▸ **Task item**:
Word for word, restate the lines from the start of the data below through the line containing "k by simp_all".

-----

lemma self_F_split_meet_is_section:
  assumes split: "self_F_split b C i d" and i: "is_kernel C i d"
    and k: "is_section C k" "cdm k = cdm i"
    and p: "dm p = cdm i" "cdm p = cdm i"
    and l: "\<And>y. cdm y = cdm i \<Longrightarrow> is_zero (d \<cdot> (p \<cdot> y)) \<Longrightarrow> factors_through C y l"
    and j: "mono C j" "factors_through C j k" "is_zero (d \<cdot> (p \<cdot> j))"
    and j_univ: "\<And>y. cdm y = cdm i \<Longrightarrow> factors_through C y k \<Longrightarrow> factors_through C y l \<Longrightarrow>
      factors_through C y j"
  shows "is_section C j"
proof -
  have di: "dm d = cdm i" using kernel_cod[OF i] by simp
  obtain t where t: "dm t = cdm k" "cdm t = dm k" "t \<cdot> k = ide (dm k)" using k(1) by (rule is_sectionE)
  define e where "e = k \<cdot> t"
  have e: "dm e = cdm i" "cdm e = cdm i" using e_def t k by simp_all
  have cj: "cdm j = cdm i" using factors_through_cod[OF j(2)] k by simp
  have "e \<cdot> j = j"
  proof -
    obtain a where a: "dm a = dm j" "cdm a = dm k" "k \<cdot> a = j" using j(2) by (rule factors_throughE)
    then have "t \<cdot> j = a" using t comp_assoc[of a k t] by simp
    then show ?thesis using e_def a t k comp_assoc[of j t k] cj by simp
  qed
  obtain x where x: "is_kernel C x (d \<cdot> (p \<cdot> e))" using ex_kernel by blast
  have cx: "cdm x = cdm i" using kernel_cod[OF x] p e di by simp
  have "is_section C x"
    using split[unfolded self_F_split_def hom_def, rule_format, of "p \<cdot> e" x] x p e by simp
  moreover have "factors_through C j x"
    using factors_through_kernel_iff[OF x] j(3) \<open>e \<cdot> j = j\<close> comp_assoc[of j e p]
      comp_assoc[of j "p \<cdot> e" d] p e cj di by simp
  then obtain u where u: "dm u = dm j" "cdm u = dm x" "x \<cdot> u = j" by (rule factors_throughE)
  moreover have "factors_through C (e \<cdot> x) j"
  proof (rule j_univ)
    show "cdm (e \<cdot> x) = cdm i" using e cx by simp
    have "e \<cdot> x = k \<cdot> (t \<cdot> x)" using e_def comp_assoc[of x t k] t k cx by simp
    then show "factors_through C (e \<cdot> x) k" using factors_throughI[of "t \<cdot> x" k] t k cx by simp
    have "is_zero ((d \<cdot> (p \<cdot> e)) \<cdot> x)" using kernel_zero[OF x] .
    then have "is_zero (d \<cdot> (p \<cdot> (e \<cdot> x)))"
      using comp_assoc[of x "p \<cdot> e" d] comp_assoc[of x e p] p e cx di by simp
    then show "factors_through C (e \<cdot> x) l" using l e cx by simp
  qed
  then obtain \<rho> where "dm \<rho> = dm (e \<cdot> x)" "cdm \<rho> = dm j" "j \<cdot> \<rho> = e \<cdot> x"
    by (rule factors_throughE)
  ultimately show ?thesis
    using section_if_retract_of_section[of x j u \<rho> e] j(1) \<open>e \<cdot> j = j\<close> e cx by simp
qed
(* Let $E$ be a finite set and $\mathcal{W} \subseteq \{+,-,0\}^E$. Then $\mathcal{W}$ is an affine oriented matroid if and only if $\mathcal{W}$ satisfies the following three axioms: (A1) if $X,Y \in \mathcal{W}$ then $X \circ Y \in \mathcal{W}$ and $X \circ (-Y) \in \mathcal{W}$; (A2) if $X,Y \in \mathcal{W}$ with $\underline{X}=\underline{Y}$, then $I_e(X,Y) \cap \mathcal{W} \neq \emptyset$ for every $e \in S(X,Y)$; (A3) $\mathcal{P}(\mathcal{W}) \circ \mathcal{W} \subseteq \mathcal{W}$.
   Context: A sign vector on a finite set $E$ is an element $X \in \{+,-,0\}^E$; write $X^{+}=\{e: X_e=+\}$, $X^-=\{e:X_e=-\}$, support $\underline{X}=X^+\cup X^-$. The opposite $-X$ has $(-X)_e=-X_e$. Composition: $(X\circ Y)_e = X_e$ if $X_e\neq 0$ and $Y_e$ otherwise. Separation set: $S(X,Y)=(X^+\cap Y^-)\cup(X^-\cap Y^+)$. For sets $\mathcal{A},\mathcal{B}$ of sign vectors, $\mathcal{A}\circ\mathcal{B}=\{A\circ B: A\in\mathcal{A},B\in\mathcal{B}\}$. A set $\mathcal{O}\subseteq\{+,-,0\}^{F}$ is (the covector set of) an oriented matroid on $F$ if: (O1) the zero vector lies in $\mathcal{O}$; (O2) $X\in\mathcal{O}\Rightarrow -X\in\mathcal{O}$; (O3) $X,Y\in\mathcal{O}\Rightarrow X\circ Y\in\mathcal{O}$; (O4) if $X,Y\in\mathcal{O}$ with $\underline{X}=\underline{Y}$ and $e\in S(X,Y)$, there is $Z\in\mathcal{O}$ with $Z_e=0$ and $Z_f=(X\circ Y)_f=(Y\circ X)_f$ for all $f\notin S(X,Y)$. $\mathcal{W}\subseteq\{+,-,0\}^E$ is an affine oriented matroid if there exist an element $g\notin E$ and an oriented matroid $\mathcal{O}$ on $E\cup\{g\}$ such that $\mathcal{W}=\{X|_E : X\in\mathcal{O},\ X_g=+\}$. For $X,Y$ with $\underline{X}=\underline{Y}$ and $X\neq Y$, and $e\in S(X,Y)$: $I_e(X,Y)=\{V\in\{+,-,0\}^E : \underline{V}\subseteq \underline{X}\setminus\{e\},\ V_f=X_f \text{ for all } f\notin S(X,Y)\}$, and $I(X,Y)=\bigcup_{e\in S(X,Y)} I_e(X,Y)$. Sum: $(X+Y)_e=0$ if $e\in S(X,Y)$, and $(X+Y)_e=(X\circ Y)_e$ otherwise. For $\mathcal{W}\subseteq\{+,-,0\}^E$: $\mathrm{sym}(\mathcal{W})=\{V: V\in\mathcal{W}, -V\in\mathcal{W}\}$, $\mathrm{asym}(\mathcal{W})=\{V\in\mathcal{W}: -V\notin\mathcal{W}\}$, and $\mathcal{P}(\mathcal{W})=\{X+(-Y): X,Y\in\mathrm{asym}(\mathcal{W}),\ \underline{X}=\underline{Y},\ I(X,-Y)\cap\mathcal{W}=I(-X,Y)\cap\mathcal{W}=\emptyset\}$. *)

theory Defs
  imports Main
begin

datatype sign = Pos | Neg | Zer

type_synonym 'a sv = "'a \<Rightarrow> sign"

definition signvecs :: "'a set \<Rightarrow> 'a sv set" where
  "signvecs E = {X. \<forall>e. e \<notin> E \<longrightarrow> X e = Zer}"

definition pos_part :: "'a sv \<Rightarrow> 'a set" where "pos_part X = {e. X e = Pos}"
definition neg_part :: "'a sv \<Rightarrow> 'a set" where "neg_part X = {e. X e = Neg}"
definition supp :: "'a sv \<Rightarrow> 'a set" where "supp X = pos_part X \<union> neg_part X"

fun neg_sign :: "sign \<Rightarrow> sign" where
  "neg_sign Pos = Neg" | "neg_sign Neg = Pos" | "neg_sign Zer = Zer"

definition opp :: "'a sv \<Rightarrow> 'a sv" where "opp X = (\<lambda>e. neg_sign (X e))"

definition comp :: "'a sv \<Rightarrow> 'a sv \<Rightarrow> 'a sv" where
  "comp X Y = (\<lambda>e. if X e \<noteq> Zer then X e else Y e)"

definition sep :: "'a sv \<Rightarrow> 'a sv \<Rightarrow> 'a set" where
  "sep X Y = (pos_part X \<inter> neg_part Y) \<union> (neg_part X \<inter> pos_part Y)"

definition comp_set :: "'a sv set \<Rightarrow> 'a sv set \<Rightarrow> 'a sv set" where
  "comp_set A B = {comp X Y | X Y. X \<in> A \<and> Y \<in> B}"

definition oriented_matroid :: "'a set \<Rightarrow> 'a sv set \<Rightarrow> bool" where
  "oriented_matroid F OM \<longleftrightarrow>
     OM \<subseteq> signvecs F \<and>
     (\<lambda>_. Zer) \<in> OM \<and>
     (\<forall>X\<in>OM. opp X \<in> OM) \<and>
     (\<forall>X\<in>OM. \<forall>Y\<in>OM. comp X Y \<in> OM) \<and>
     (\<forall>X\<in>OM. \<forall>Y\<in>OM. supp X = supp Y \<longrightarrow> (\<forall>e\<in>sep X Y.
        (\<exists>Z\<in>OM. Z e = Zer \<and> (\<forall>f. f \<notin> sep X Y \<longrightarrow>
            Z f = comp X Y f \<and> Z f = comp Y X f))))"

text \<open>The extra element g is realised as None in the ground set Some ` E \<union> {None}.\<close>
definition affine_oriented_matroid :: "'a set \<Rightarrow> 'a sv set \<Rightarrow> bool" where
  "affine_oriented_matroid E W \<longleftrightarrow>
     (\<exists>OM :: ('a option) sv set. oriented_matroid (insert None (Some ` E)) OM \<and>
        W = {(\<lambda>e. X (Some e)) | X. X \<in> OM \<and> X None = Pos})"

definition I_e :: "'a set \<Rightarrow> 'a \<Rightarrow> 'a sv \<Rightarrow> 'a sv \<Rightarrow> 'a sv set" where
  "I_e E e X Y = {V \<in> signvecs E. supp V \<subseteq> supp X - {e} \<and>
                    (\<forall>f\<in>E. f \<notin> sep X Y \<longrightarrow> V f = X f)}"

definition I_all :: "'a set \<Rightarrow> 'a sv \<Rightarrow> 'a sv \<Rightarrow> 'a sv set" where
  "I_all E X Y = (\<Union>e\<in>sep X Y. I_e E e X Y)"

definition sv_sum :: "'a sv \<Rightarrow> 'a sv \<Rightarrow> 'a sv" where
  "sv_sum X Y = (\<lambda>e. if e \<in> sep X Y then Zer else comp X Y e)"

definition sym_part :: "'a sv set \<Rightarrow> 'a sv set" where
  "sym_part W = {V. V \<in> W \<and> opp V \<in> W}"

definition asym_part :: "'a sv set \<Rightarrow> 'a sv set" where
  "asym_part W = {V \<in> W. opp V \<notin> W}"

definition P_set :: "'a set \<Rightarrow> 'a sv set \<Rightarrow> 'a sv set" where
  "P_set E W = {sv_sum X (opp Y) | X Y. X \<in> asym_part W \<and> Y \<in> asym_part W \<and>
      supp X = supp Y \<and> I_all E X (opp Y) \<inter> W = {} \<and> I_all E (opp X) Y \<inter> W = {}}"

definition A1 :: "'a sv set \<Rightarrow> bool" where
  "A1 W \<longleftrightarrow> (\<forall>X\<in>W. \<forall>Y\<in>W. comp X Y \<in> W \<and> comp X (opp Y) \<in> W)"

definition A2 :: "'a set \<Rightarrow> 'a sv set \<Rightarrow> bool" where
  "A2 E W \<longleftrightarrow> (\<forall>X\<in>W. \<forall>Y\<in>W. supp X = supp Y \<longrightarrow>
      (\<forall>e\<in>sep X Y. I_e E e X Y \<inter> W \<noteq> {}))"

definition A3 :: "'a set \<Rightarrow> 'a sv set \<Rightarrow> bool" where
  "A3 E W \<longleftrightarrow> comp_set (P_set E W) W \<subseteq> W"

end

theory Submission
  imports Defs
begin

text \<open>
  Necessity: \<open>W\<close> is the part with \<open>X\<^sub>g = +\<close> of an oriented matroid \<open>OM\<close> on \<open>E \<union> {g}\<close>, so
  (A1) and (A2) are composition and elimination in \<open>OM\<close>. For (A3), eliminate \<open>g\<close> between \<open>(X,+)\<close>
  and \<open>(-Y,-)\<close>: a sign other than \<open>0\<close> of the eliminant at some \<open>e \<in> S(X,-Y)\<close> would, after one
  more elimination, put a vector of \<open>W\<close> into \<open>I(X,-Y)\<close> or \<open>I(-X,Y)\<close>. Hence the eliminant is
  \<open>(X + (-Y), 0)\<close>, and composing it with \<open>(Z,+)\<close> stays in \<open>OM\<close>.

  Sufficiency: call \<open>V\<close> a direction if \<open>V \<circ> W \<subseteq> W\<close> and \<open>(-V) \<circ> W \<subseteq> W\<close>, and take
  \<open>OM = {(X,+) | X \<in> W} \<union> {(-X,-) | X \<in> W} \<union> {(V,0) | V direction}\<close>. Only elimination is not
  immediate. Between \<open>(X,+)\<close> and \<open>(-Y,-)\<close> it needs a direction agreeing with \<open>X\<close> off \<open>S(X,-Y)\<close>,
  found by induction on \<open>|S(X,-Y)|\<close>: an element of \<open>I(X,-Y) \<inter> W\<close> or \<open>I(-X,Y) \<inter> W\<close> given by (A2)
  shrinks \<open>S(X,-Y)\<close>, and if there is none then \<open>X + (-Y) \<in> P_set E W\<close> is a direction by (A3).
  Elimination between two directions \<open>V, U\<close> is reduced to this by composing them with a vector
  of \<open>W\<close> that sticks out of \<open>supp V\<close> as little as possible; finiteness of \<open>E\<close> enters here and
  in the induction.
\<close>

section \<open>Sign vectors\<close>

lemma supp_iff [simp]: "f \<in> supp X \<longleftrightarrow> X f \<noteq> Zer"
  by (cases "X f") (auto simp: supp_def pos_part_def neg_part_def)

lemma sep_iff [simp]:
  "f \<in> sep X Y \<longleftrightarrow> (X f = Pos \<and> Y f = Neg) \<or> (X f = Neg \<and> Y f = Pos)"
  by (auto simp: sep_def pos_part_def neg_part_def)

lemma comp_apply [simp]: "comp X Y f = (if X f = Zer then Y f else X f)"
  by (simp add: comp_def)

lemma opp_apply [simp]: "opp X f = neg_sign (X f)"
  by (simp add: opp_def)

lemma sv_sum_apply: "sv_sum X Y f = (if f \<in> sep X Y then Zer else comp X Y f)"
  by (simp add: sv_sum_def)

lemma neg_sign_eq_iff [simp]:
  "neg_sign s = Zer \<longleftrightarrow> s = Zer" "neg_sign s = Pos \<longleftrightarrow> s = Neg" "neg_sign s = Neg \<longleftrightarrow> s = Pos"
  by (cases s; simp)+

lemma neg_sign_neg_sign [simp]: "neg_sign (neg_sign s) = s"
  by (cases s) auto

lemma opp_opp [simp]: "opp (opp X) = X"
  by (simp add: opp_def)

lemma supp_opp [simp]: "supp (opp X) = supp X"
  by auto

lemma opp_comp: "opp (comp X Y) = comp (opp X) (opp Y)"
  by (rule ext) simp

lemma comp_assoc: "comp (comp X Y) Z = comp X (comp Y Z)"
  by (rule ext) simp

lemma sep_sym: "sep X Y = sep Y X"
  by auto

lemma sep_opp_swap: "sep (opp X) Y = sep X (opp Y)"
  by auto

lemma sep_opp_comm: "sep X (opp Y) = sep Y (opp X)"
  by auto

lemma supp_eqD: "supp X = supp Y \<Longrightarrow> X f = Zer \<longleftrightarrow> Y f = Zer"
  by (metis supp_iff)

-----

▸ **Reply**:
lemma self_F_split_meet_is_section:
  assumes split: "self_F_split b C i d" and i: "is_kernel C i d"
    and k: "is_section C k" "cdm k = cdm i"
    and p: "dm p = cdm i" "cdm p = cdm i"
    and l: "\<And>y. cdm y = cdm i \<Longrightarrow> is_zero (d \<cdot> (p \<cdot> y)) \<Longrightarrow> factors_through C y l"
    and j: "mono C j" "factors_through C j k" "is_zero (d \<cdot> (p \<cdot> j))"
    and j_univ: "\<And>y. cdm y = cdm i \<Longrightarrow> factors_through C y k \<Longrightarrow> factors_through C y l \<Longrightarrow>
      factors_through C y j"
  shows "is_section C j"
proof -
  have di: "dm d = cdm i" using kernel_cod[OF i] by simp
  obtain t where t: "dm t = cdm k" "cdm t = dm k" "t \<cdot> k = ide (dm k)" using k(1) by (rule is_sectionE)
  define e where "e = k \<cdot> t"
  have e: "dm e = cdm i" "cdm e = cdm i" using e_def t k by simp_all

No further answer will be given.